Contents                                                                                                                             

The challenging path from post-crisis recovery to sustainable growth

Over the past two decades Turkey has successfully shifted to a growth strategy based on open and competitive markets. However, recurrent macroeconomic instabilities slowed down trend growth. The recovery from the 2001 crisis has brought an unprecedented period of high growth and the first palpable signs of sustained catch-up and convergence. Currently Turkey is in the difficult transition period between the successful exit from “post-crisis recovery” to sustainable path of high growth. The main challenges that present themselves during this transition are:

  • Preserving the gains of fiscal consolidation and earning credibility with a fiscal rule which allows prioritisation of expenditure programmes, avoids pro-cyclical policies and reduces the risk perceptions of international investors.
  • Enabling monetary policy and inflation targeting to “go the last mile” by better setting other policies, in particular structural policies, on a firm disinflation trajectory, and ensuring that fiscal policy supports this objective.
  • Reducing barriers to formal employment in order to mobilise the productivity potential and improve the resilience of the Turkish economy.


Achieving this transition is far from trivial, as witnessed by the nervousness of financial markets, increased exchange rate volatility, growing tensions in the economy, as well as a disappointing growth performance since mid-2007. Embarking on a new, sustainable path of high growth will require policy action, but internal as well as external political tensions complicate the decision making process. Finding the right exit from the transparency-increasing and credibility-generating IMF umbrella also needs attention. However, addressing the above mentioned challenges with decisive reforms will allow Turkey to more fully exploit its comparative advantages, reap the benefits from globalisation and open capital markets and improve its resilience in the face of adverse international shocks.


Between 2002 and 2007 high growth was achieved on the back of fundamental macroeconomic and structural reforms

After the most severe of a succession of “boom and bust” cycles in 2001, a fundamental fiscal, monetary and institutional reform package was implemented. Backed by a favourable international environment and by the opening of accession negotiations with the EU, achieving an average growth rate of almost 7% in the period of 2002 07 made a welcome beginning to a process of catching up with the OECD average. Large numbers of jobs were created in industry and services amid exits from agriculture, while inflation declined. A primary fiscal surplus of around 6% of GDP was achieved for several years, and public debt was brought down and put on a sustainable path.


Increased competition from low-cost countries and strong trend currency appreciation has put pressure on labour-intensive sectors…

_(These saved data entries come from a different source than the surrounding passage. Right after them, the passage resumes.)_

lemma exists_rows_independent_if_columns_independent:
  assumes K: "subring K R" and fin: "finite Rs" "finite Cs"
    and M: "\<And>r j. r \<in> Rs \<Longrightarrow> j \<in> Cs \<Longrightarrow> M r j \<in> K"
    and cols: "rows_independent R K Cs Rs (\<lambda>j r. M r j)"
  shows "\<exists>I\<subseteq>Rs. card I = card Cs \<and> rows_independent R K I Cs M"
proof -
  have KR: "K \<subseteq> carrier R" using subringE(1)[OF K] .
  obtain I0 where I0: "I0 \<subseteq> Rs" "rows_independent R K I0 Cs M"
    and maximal: "\<And>r. r \<in> Rs - I0 \<Longrightarrow> \<not> rows_independent R K (insert r I0) Cs M"
    using exists_maximal_rows_independent[OF fin(1), where R = R and K = K and J = Cs and M = M]
    by blast
  have finI0: "finite I0" using I0(1) fin(1) by (rule finite_subset)
  have "card Cs \<le> card I0"
  proof (rule ccontr)
    assume "\<not> card Cs \<le> card I0"
    then have "\<not> rows_independent R K Cs I0 (\<lambda>j r. M r j)"
      using M I0(1) by (intro not_rows_independent_if_card_lt[OF K finI0 fin(2)]) auto
    then obtain d j0 where d: "\<forall>j\<in>Cs. d j \<in> K" "\<forall>i\<in>I0. (\<Oplus>j\<in>Cs. d j \<otimes> M i j) = \<zero>"
      and j0: "j0 \<in> Cs" "d j0 \<noteq> \<zero>"
      by (rule not_rows_independentE)
    have "(\<Oplus>j\<in>Cs. d j \<otimes> M r j) = \<zero>" if r: "r \<in> Rs" for r
    proof (cases "r \<in> I0")
      case False
      show ?thesis
        by (rule row_annihilated_if_dependent[OF K finI0 fin(2) False _ I0(2) maximal])
          (use d M KR r I0(1) False in auto)
    qed (use d in auto)
    then have "d j0 = \<zero>"
      using d(1) j0(1) by (intro rows_independentD[OF cols]) auto
    with j0(2) show False ..
  qed
  then obtain I where "I \<subseteq> I0" "card I = card Cs"
    by (meson obtain_subset_with_card_n)
  moreover have "rows_independent R K I Cs M"
    by (rule rows_independent_subset[OF K finI0 \<open>I \<subseteq> I0\<close> _ I0(2)]) (use M KR I0(1) in blast)
  ultimately show ?thesis using I0(1) by blast
qed

theorem mat_rank_over_eq_min:
  assumes K: "subring K R" and fin: "finite Rs"
    and M: "\<And>r l. r \<in> Rs \<Longrightarrow> l < N \<Longrightarrow> M r l \<in> K"
    and cols: "rows_independent R K {..<min (card Rs) N} Rs (\<lambda>l r. M r l)"
  shows "mat_rank_over R K Rs N M = min (card Rs) N"
  unfolding mat_rank_over_def
proof (rule Max_eqI)
  let ?s = "min (card Rs) N"
  show "finite {card I |I. I \<subseteq> Rs \<and> rows_indep_over R K I N M}"
    using fin by auto
  show "n \<le> ?s" if n: "n \<in> {card I |I. I \<subseteq> Rs \<and> rows_indep_over R K I N M}" for n
  proof -
    obtain I where I: "n = card I" "I \<subseteq> Rs" "rows_independent R K I {..<N} M"
      using n unfolding rows_indep_over_iff_rows_independent by blast
    have "card I \<le> card Rs" using I(2) fin by (rule card_mono[rotated])
    moreover have "card I \<le> N"
      using card_le_if_rows_independent[OF K finite_subset[OF I(2) fin] _ _ I(3)] I(2) M by auto
    ultimately show ?thesis using I(1) by simp
  qed
  obtain I where I: "I \<subseteq> Rs" "card I = ?s" "rows_independent R K I {..<?s} M"
    using exists_rows_independent_if_columns_independent[OF K fin _ _ cols] M by auto
  from I(3) have "rows_independent R K I {..<N} M"
    by (rule rows_independent_mono_columns) auto
  with I(1,2) show "?s \<in> {card I |I. I \<subseteq> Rs \<and> rows_indep_over R K I N M}"
    unfolding rows_indep_over_iff_rows_independent by (intro CollectI exI[of _ I]) simp
qed
lemma conmat_outer_reduces:
  assumes "conmat_outer n c j B B'" "strictly_upper n B" "\<forall>k\<in>{1..<j}. reduced_col n c B k"
  shows "\<forall>k\<in>{1..n}. reduced_col n c B' k"
  using assms
proof (induction rule: conmat_outer.induct)
  case (finish j B)
  then show ?case by auto
next
  case (step j B B1 B2)
  define start where "start = (if nonzero_col n B j then low n B j else 0)"
  have inner: "conmat_inner n c j start B B1" using step.hyps(2) by (simp add: start_def)
  note reduces = conmat_inner_reduces_col[OF inner step.prems(1) step.hyps(1)]
  have upper: "strictly_upper n B1"
    by (rule conmat_inner_invariant[where Q = "strictly_upper n", OF inner step.prems(1)])
      (simp add: strictly_upper_add_col step.hyps(1))
  have "reduced_col n c B1 j"
    unfolding reduced_col_def
  proof (intro ballI impI)
    fix m assume m: "m \<in> {1..n}" "B1 m j"
    show "\<not> homog_pivot n c B1 j m"
    proof (cases "m \<le> start")
      case True
      then show ?thesis using reduces m by auto
    next
      case False
      then have "B m j" using reduces m by auto
      then have "m \<le> start" using le_low[OF m(1)] m(1) by (auto simp: start_def nonzero_col_def)
      with False show ?thesis by simp
    qed
  qed
  moreover have "reduced_col n c B1 k = reduced_col n c B k" if "k < j" for k
    by (rule reduced_col_cong) (use conmat_inner_other_cols[OF inner] that in auto)
  ultimately have "\<forall>k\<in>{1..<Suc j}. reduced_col n c B1 k"
    using step.prems(2) by (auto simp: less_Suc_eq)
  then show ?case using step.IH upper by blast
qed

definition mat_vec :: "nat \<Rightarrow> mat \<Rightarrow> (nat \<Rightarrow> bit) \<Rightarrow> nat \<Rightarrow> bit" where
  "mat_vec n A v = (\<lambda>m. \<Sum>i\<in>{1..n}. column A i m * v i)"

lemma mat_vec_sum: "mat_vec n A (sum f T) = (\<Sum>t\<in>T. mat_vec n A (f t))"
proof
  fix m
  have "(\<Sum>i\<in>{1..n}. column A i m * (\<Sum>t\<in>T. f t i)) = (\<Sum>t\<in>T. \<Sum>i\<in>{1..n}. column A i m * f t i)"
    unfolding sum_distrib_left by (rule sum.swap)
  then show "mat_vec n A (sum f T) m = (\<Sum>t\<in>T. mat_vec n A (f t)) m"
    by (simp add: mat_vec_def sum_fun_apply)
qed

lemma mat_vec_col_span:
  assumes "\<And>k. mat_vec n A (column A k) = 0" "v \<in> col_span A S"
  shows "mat_vec n A v = 0"
  using assms by (auto simp: col_span_def mat_vec_sum)

lemma mat_vec_column: "mat_vec n A (column R s) = sum (column A) {i\<in>{1..n}. R i s}"
proof
  fix m
  have "(\<Sum>i\<in>{1..n}. column A i m * column R s i) = (\<Sum>i\<in>{i\<in>{1..n}. R i s}. column A i m)"
    by (subst sum.inter_filter) (auto intro!: sum.cong simp: column_def of_bool_def)
  then show "mat_vec n A (column R s) m = sum (column A) {i\<in>{1..n}. R i s} m"
    by (simp add: mat_vec_def sum_fun_apply)
qed

text \<open>Since \<open>A\<^sup>2 = 0\<close>, the vector \<open>A\<close> times column \<open>s\<close> of \<open>R = A U\<close> vanishes; its
  last term is column \<open>low s\<close> of \<open>A\<close>, which is therefore a sum of earlier columns.\<close>
lemma pivot_column_in_col_span:
  assumes reduct: "col_reduct A R" and square_zero: "\<And>k. mat_vec n A (column A k) = 0"
    and nz: "nonzero_col n R s"
  defines "j \<equiv> low n R s"
  shows "column R j \<in> col_span R {..<j}"
proof -
  have "column R s \<in> col_span A {..<Suc s}"
    using column_in_col_span[of s "{..<Suc s}" R] col_span_col_reduct[OF reduct] by auto
  then have "mat_vec n A (column R s) = 0" by (rule mat_vec_col_span[OF square_zero])
  moreover have "{i\<in>{1..n}. R i s} = insert j {i\<in>{1..n}. R i s \<and> i < j}"
  proof (intro equalityI subsetI)
    fix i assume i: "i \<in> {i\<in>{1..n}. R i s}"
    then have "i \<le> j" using le_low[of i n R s] by (simp add: j_def)
    then show "i \<in> insert j {i\<in>{1..n}. R i s \<and> i < j}" using i by auto
  next
    fix i assume "i \<in> insert j {i\<in>{1..n}. R i s \<and> i < j}"
    then show "i \<in> {i\<in>{1..n}. R i s}" using low_in_range[OF nz] low_entry[OF nz] by (auto simp: j_def)
  qed
  ultimately have "column A j + sum (column A) {i\<in>{1..n}. R i s \<and> i < j} = 0"
    by (simp add: mat_vec_column)
  then have "column A j \<in> col_span A {..<j}"
    by (auto simp: bitvec_add_eq_0_iff intro: sum_column_in_col_span)
  then have "column R j + column A j + column A j \<in> col_span A {..<j}"
    by - (rule col_span_add, use reduct in \<open>simp_all add: col_reduct_def\<close>)
  then show ?thesis using col_span_col_reduct[OF reduct] by simp
qed
(* Let $N\in\mathbb{N}$ and let $c_0,\rho_0>0$ and $\kappa_m,\tau_m>0$ for $m=1,\dots,N$. Define $$\tilde c_0=\frac{c_0}{\sqrt{1+\sum_{m=1}^N c_0^2\rho_0\kappa_m}},\qquad\tilde\tau_m=\tau_m(1-N\tilde c_0^2\rho_0\kappa_m),$$ and the attenuation coefficient of Nachman, Smith and Waag $$\alpha^*_{nsw}(\omega)=\frac{-i\omega}{c_0}\left[\frac{c_0}{\tilde c_0}\sqrt{\frac1N\sum_{m=1}^N\frac{1-i\tilde\tau_m\omega}{1-i\tau_m\omega}}-1\right],\qquad\omega\in\mathbb{R}.$$ If $\tilde\tau_m<\tau_m$ for all $m\in\{1,\dots,N\}$, then the kernel $K(\vec x,t)=\frac{1}{\sqrt{2\pi}}\mathcal{F}^{-1}\{e^{-\alpha^*_{nsw}(\cdot)|\vec x|}\}(t)$ is causal.
   Context: Fourier convention: $\mathcal{F}^{-1}\{\hat f\}(t)=\frac{1}{\sqrt{2\pi}}\int_{\mathbb{R}}e^{-i\omega t}\hat f(\omega)\,d\omega$ (tempered distributions). The square root of a complex number is the root with non-negative real part. $K$ is causal if $t\mapsto K(\vec x,t)$ vanishes for $t<0$ for every $\vec x\in\mathbb{R}^3$. *)

theory Defs
  imports "HOL-Analysis.Analysis"
begin

definition c0_tilde :: "real \<Rightarrow> real \<Rightarrow> (nat \<Rightarrow> real) \<Rightarrow> nat \<Rightarrow> real" where
  "c0_tilde c0 rho0 kappa N = c0 / sqrt (1 + (\<Sum>m=1..N. c0\<^sup>2 * rho0 * kappa m))"

definition tau_tilde :: "real \<Rightarrow> real \<Rightarrow> (nat \<Rightarrow> real) \<Rightarrow> (nat \<Rightarrow> real) \<Rightarrow> nat \<Rightarrow> nat \<Rightarrow> real" where
  "tau_tilde c0 rho0 kappa tau N m =
     tau m * (1 - real N * (c0_tilde c0 rho0 kappa N)\<^sup>2 * rho0 * kappa m)"

text \<open>Attenuation coefficient of Nachman, Smith and Waag (csqrt = principal root, Re \<ge> 0).\<close>
definition alpha_nsw :: "real \<Rightarrow> real \<Rightarrow> (nat \<Rightarrow> real) \<Rightarrow> (nat \<Rightarrow> real) \<Rightarrow> nat \<Rightarrow> real \<Rightarrow> complex" where
  "alpha_nsw c0 rho0 kappa tau N \<omega> =
     (- \<i> * complex_of_real \<omega> / complex_of_real c0) *
     (complex_of_real (c0 / c0_tilde c0 rho0 kappa N) *
        csqrt ((1 / of_nat N) * (\<Sum>m=1..N.
           (1 - \<i> * complex_of_real (tau_tilde c0 rho0 kappa tau N m * \<omega>)) /
           (1 - \<i> * complex_of_real (tau m * \<omega>)))) - 1)"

During the same period, accelerated capital inflows attracted by very high real interest rates and opportunities for lucrative rates of return, pushed up the exchange rate strongly in real terms – except during short periods of adverse international or domestic shocks. Trend appreciation helped with disinflation but also amplified the competitive challenges that Turkey’s traditional export industries face from lower-cost emerging countries. Sophisticated industries coped well and created new employment opportunities but traditional industries, drawing on low-skilled labour, the abundant factor resource of the Turkish economy, tended to lose market share and faced sharply accelerated import penetration. Employment in these industries declined and with re-employment being hampered by skill and regional mismatches, net employment creation of the overall economy fell clearly short of the increase in working age population. The total employment rate declined as a result and the aggregate unemployment rate slightly increased.


…underlining the need for further structural reforms to reduce Turkey’s dependence on favourable external circumstances

An external imbalance arose due to strong domestic demand fuelled by capital inflows, increasing import penetration, and the global surge in energy and raw material prices. This higher external deficit increased Turkey’s sensitivity to shifts in investor sentiment. Still, analyses developed for this Survey suggest that, in terms of economic fundamentals, Turkey’s risk assessment by financial markets could have improved more than it actually did through the 2000s. The thorough revision of Turkey’s national accounts in March 2008, resulting in GDP more than 30% higher and reducing the public debt/GDP and current account deficit/GDP ratios to relatively more benign levels, also reinforced prospects for a rating upgrade. However, this did not materialise due to the deterioration of international financial and domestic political conditions in the first half of 2008. These events reinforce the case for further structural reforms so as to reduce Turkey’s dependence on favourable external circumstances.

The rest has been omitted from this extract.